TASK INPUTS section start

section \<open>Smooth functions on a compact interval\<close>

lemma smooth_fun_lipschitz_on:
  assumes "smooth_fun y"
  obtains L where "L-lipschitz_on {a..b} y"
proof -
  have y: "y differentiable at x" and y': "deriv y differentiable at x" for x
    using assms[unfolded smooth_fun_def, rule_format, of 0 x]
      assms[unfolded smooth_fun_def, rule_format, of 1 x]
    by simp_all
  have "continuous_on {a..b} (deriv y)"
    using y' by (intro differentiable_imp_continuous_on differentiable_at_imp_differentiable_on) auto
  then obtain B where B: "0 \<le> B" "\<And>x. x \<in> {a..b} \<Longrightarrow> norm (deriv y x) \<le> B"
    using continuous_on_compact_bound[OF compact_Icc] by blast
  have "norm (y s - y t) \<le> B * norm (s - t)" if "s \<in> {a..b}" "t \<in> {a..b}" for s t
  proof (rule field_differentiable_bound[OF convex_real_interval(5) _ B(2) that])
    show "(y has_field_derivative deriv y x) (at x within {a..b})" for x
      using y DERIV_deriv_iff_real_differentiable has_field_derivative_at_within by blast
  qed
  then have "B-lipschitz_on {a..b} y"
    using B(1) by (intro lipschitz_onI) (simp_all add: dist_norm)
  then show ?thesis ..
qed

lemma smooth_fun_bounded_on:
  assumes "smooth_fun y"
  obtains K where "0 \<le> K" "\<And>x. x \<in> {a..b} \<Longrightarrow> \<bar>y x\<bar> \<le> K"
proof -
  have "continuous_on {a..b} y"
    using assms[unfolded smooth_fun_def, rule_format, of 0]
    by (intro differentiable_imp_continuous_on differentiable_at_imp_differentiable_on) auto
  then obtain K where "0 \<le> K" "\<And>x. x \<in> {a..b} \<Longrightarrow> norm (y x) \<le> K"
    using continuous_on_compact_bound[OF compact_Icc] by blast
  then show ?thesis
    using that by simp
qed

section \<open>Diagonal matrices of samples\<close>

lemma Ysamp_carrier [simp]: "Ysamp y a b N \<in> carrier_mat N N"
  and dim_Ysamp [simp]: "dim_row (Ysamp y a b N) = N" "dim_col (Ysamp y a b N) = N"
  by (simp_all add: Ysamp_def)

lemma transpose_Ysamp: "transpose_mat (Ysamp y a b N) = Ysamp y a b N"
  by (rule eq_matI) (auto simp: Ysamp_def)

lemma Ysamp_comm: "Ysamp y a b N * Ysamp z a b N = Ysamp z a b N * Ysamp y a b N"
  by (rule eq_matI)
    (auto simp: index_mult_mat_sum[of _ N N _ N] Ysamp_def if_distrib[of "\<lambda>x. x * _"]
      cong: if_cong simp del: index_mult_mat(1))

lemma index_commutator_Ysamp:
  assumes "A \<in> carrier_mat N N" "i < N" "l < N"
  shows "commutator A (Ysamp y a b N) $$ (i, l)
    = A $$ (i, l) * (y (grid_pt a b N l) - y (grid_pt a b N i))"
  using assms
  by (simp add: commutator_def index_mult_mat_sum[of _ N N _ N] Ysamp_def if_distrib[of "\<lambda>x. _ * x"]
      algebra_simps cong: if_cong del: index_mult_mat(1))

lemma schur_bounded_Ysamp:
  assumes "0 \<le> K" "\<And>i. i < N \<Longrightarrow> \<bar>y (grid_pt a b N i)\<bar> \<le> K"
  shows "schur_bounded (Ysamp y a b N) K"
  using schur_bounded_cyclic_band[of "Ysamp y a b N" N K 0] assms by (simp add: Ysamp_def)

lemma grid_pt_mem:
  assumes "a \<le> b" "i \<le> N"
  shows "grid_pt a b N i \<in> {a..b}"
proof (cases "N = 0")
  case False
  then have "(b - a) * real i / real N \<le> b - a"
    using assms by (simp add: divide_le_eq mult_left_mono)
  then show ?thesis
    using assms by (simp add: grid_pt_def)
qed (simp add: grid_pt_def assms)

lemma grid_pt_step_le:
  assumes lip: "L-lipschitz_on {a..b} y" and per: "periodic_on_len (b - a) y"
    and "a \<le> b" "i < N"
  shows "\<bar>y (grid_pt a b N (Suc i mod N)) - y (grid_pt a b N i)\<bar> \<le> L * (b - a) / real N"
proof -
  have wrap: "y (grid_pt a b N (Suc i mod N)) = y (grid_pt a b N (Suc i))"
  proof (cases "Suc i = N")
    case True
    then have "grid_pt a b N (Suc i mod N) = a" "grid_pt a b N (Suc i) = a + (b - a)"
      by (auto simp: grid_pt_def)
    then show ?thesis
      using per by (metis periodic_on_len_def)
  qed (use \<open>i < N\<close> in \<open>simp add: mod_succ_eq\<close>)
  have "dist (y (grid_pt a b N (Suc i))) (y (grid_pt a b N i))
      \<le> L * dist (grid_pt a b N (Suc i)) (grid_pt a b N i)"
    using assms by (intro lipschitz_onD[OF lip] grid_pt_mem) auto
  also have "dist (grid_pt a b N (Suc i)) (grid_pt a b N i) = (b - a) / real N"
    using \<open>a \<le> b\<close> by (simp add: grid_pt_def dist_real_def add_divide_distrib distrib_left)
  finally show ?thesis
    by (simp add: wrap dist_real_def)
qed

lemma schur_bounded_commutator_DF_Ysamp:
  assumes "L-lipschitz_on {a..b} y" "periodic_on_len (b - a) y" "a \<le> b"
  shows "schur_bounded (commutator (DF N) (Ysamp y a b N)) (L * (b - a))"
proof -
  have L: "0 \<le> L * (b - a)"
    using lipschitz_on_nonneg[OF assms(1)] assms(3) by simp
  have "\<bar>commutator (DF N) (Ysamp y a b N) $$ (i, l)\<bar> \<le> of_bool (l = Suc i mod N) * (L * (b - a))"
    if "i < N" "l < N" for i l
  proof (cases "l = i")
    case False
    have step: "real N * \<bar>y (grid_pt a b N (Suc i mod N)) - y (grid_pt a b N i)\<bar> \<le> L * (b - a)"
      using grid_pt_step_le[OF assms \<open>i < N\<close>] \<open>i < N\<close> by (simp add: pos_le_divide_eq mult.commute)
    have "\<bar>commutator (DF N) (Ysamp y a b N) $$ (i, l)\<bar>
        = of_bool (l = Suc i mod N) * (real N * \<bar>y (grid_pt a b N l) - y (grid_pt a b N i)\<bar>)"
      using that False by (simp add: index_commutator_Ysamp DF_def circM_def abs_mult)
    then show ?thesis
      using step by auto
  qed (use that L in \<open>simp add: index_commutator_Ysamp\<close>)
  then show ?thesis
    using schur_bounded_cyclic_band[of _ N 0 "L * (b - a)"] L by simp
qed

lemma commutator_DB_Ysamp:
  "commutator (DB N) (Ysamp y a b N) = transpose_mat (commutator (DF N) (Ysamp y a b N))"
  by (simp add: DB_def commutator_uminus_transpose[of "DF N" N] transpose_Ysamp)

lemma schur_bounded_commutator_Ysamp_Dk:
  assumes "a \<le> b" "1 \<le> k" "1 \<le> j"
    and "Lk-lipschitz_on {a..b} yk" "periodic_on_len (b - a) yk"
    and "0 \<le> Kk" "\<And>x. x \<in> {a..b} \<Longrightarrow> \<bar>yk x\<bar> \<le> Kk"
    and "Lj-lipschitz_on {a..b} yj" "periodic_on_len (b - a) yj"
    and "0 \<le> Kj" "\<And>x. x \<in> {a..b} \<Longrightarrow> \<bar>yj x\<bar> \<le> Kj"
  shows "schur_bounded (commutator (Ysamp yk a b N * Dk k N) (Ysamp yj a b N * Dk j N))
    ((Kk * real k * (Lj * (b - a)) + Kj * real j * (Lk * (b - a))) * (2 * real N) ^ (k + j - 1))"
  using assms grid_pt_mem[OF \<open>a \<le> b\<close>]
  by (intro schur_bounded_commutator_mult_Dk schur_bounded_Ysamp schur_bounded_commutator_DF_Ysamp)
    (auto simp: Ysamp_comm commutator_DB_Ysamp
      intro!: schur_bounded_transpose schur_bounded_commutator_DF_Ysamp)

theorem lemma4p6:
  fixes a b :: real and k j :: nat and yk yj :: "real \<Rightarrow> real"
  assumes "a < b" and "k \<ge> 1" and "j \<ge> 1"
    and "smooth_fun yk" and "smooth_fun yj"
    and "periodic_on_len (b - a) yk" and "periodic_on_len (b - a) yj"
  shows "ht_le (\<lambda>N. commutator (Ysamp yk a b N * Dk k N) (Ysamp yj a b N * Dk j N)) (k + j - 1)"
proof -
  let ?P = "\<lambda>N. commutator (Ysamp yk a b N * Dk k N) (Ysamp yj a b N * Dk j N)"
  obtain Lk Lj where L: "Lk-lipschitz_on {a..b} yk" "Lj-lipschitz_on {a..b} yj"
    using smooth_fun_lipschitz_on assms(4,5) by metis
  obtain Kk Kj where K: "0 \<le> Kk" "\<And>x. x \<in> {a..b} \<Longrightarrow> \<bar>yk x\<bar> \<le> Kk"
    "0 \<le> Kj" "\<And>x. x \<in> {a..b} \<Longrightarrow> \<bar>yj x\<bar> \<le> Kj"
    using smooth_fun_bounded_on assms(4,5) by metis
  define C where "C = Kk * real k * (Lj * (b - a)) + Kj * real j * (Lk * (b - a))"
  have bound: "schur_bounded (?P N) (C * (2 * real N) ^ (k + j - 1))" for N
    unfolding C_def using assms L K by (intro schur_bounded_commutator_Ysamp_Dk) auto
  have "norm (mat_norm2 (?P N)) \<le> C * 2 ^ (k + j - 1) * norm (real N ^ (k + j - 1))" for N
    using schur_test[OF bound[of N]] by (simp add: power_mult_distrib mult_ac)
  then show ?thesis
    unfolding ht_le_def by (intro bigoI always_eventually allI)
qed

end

TASK INPUTS section end

Copy each line above where "open" appears.

section \<open>Smooth functions on a compact interval\<close>
section \<open>Diagonal matrices of samples\<close>
  qed (use \<open>i < N\<close> in \<open>simp add: mod_succ_eq\<close>)
    using \<open>a \<le> b\<close> by (simp add: grid_pt_def dist_real_def add_divide_distrib distrib_left)
      using grid_pt_step_le[OF assms \<open>i < N\<close>] \<open>i < N\<close> by (simp add: pos_le_divide_eq mult.commute)
  qed (use that L in \<open>simp add: index_commutator_Ysamp\<close>)
  using assms grid_pt_mem[OF \<open>a \<le> b\<close>]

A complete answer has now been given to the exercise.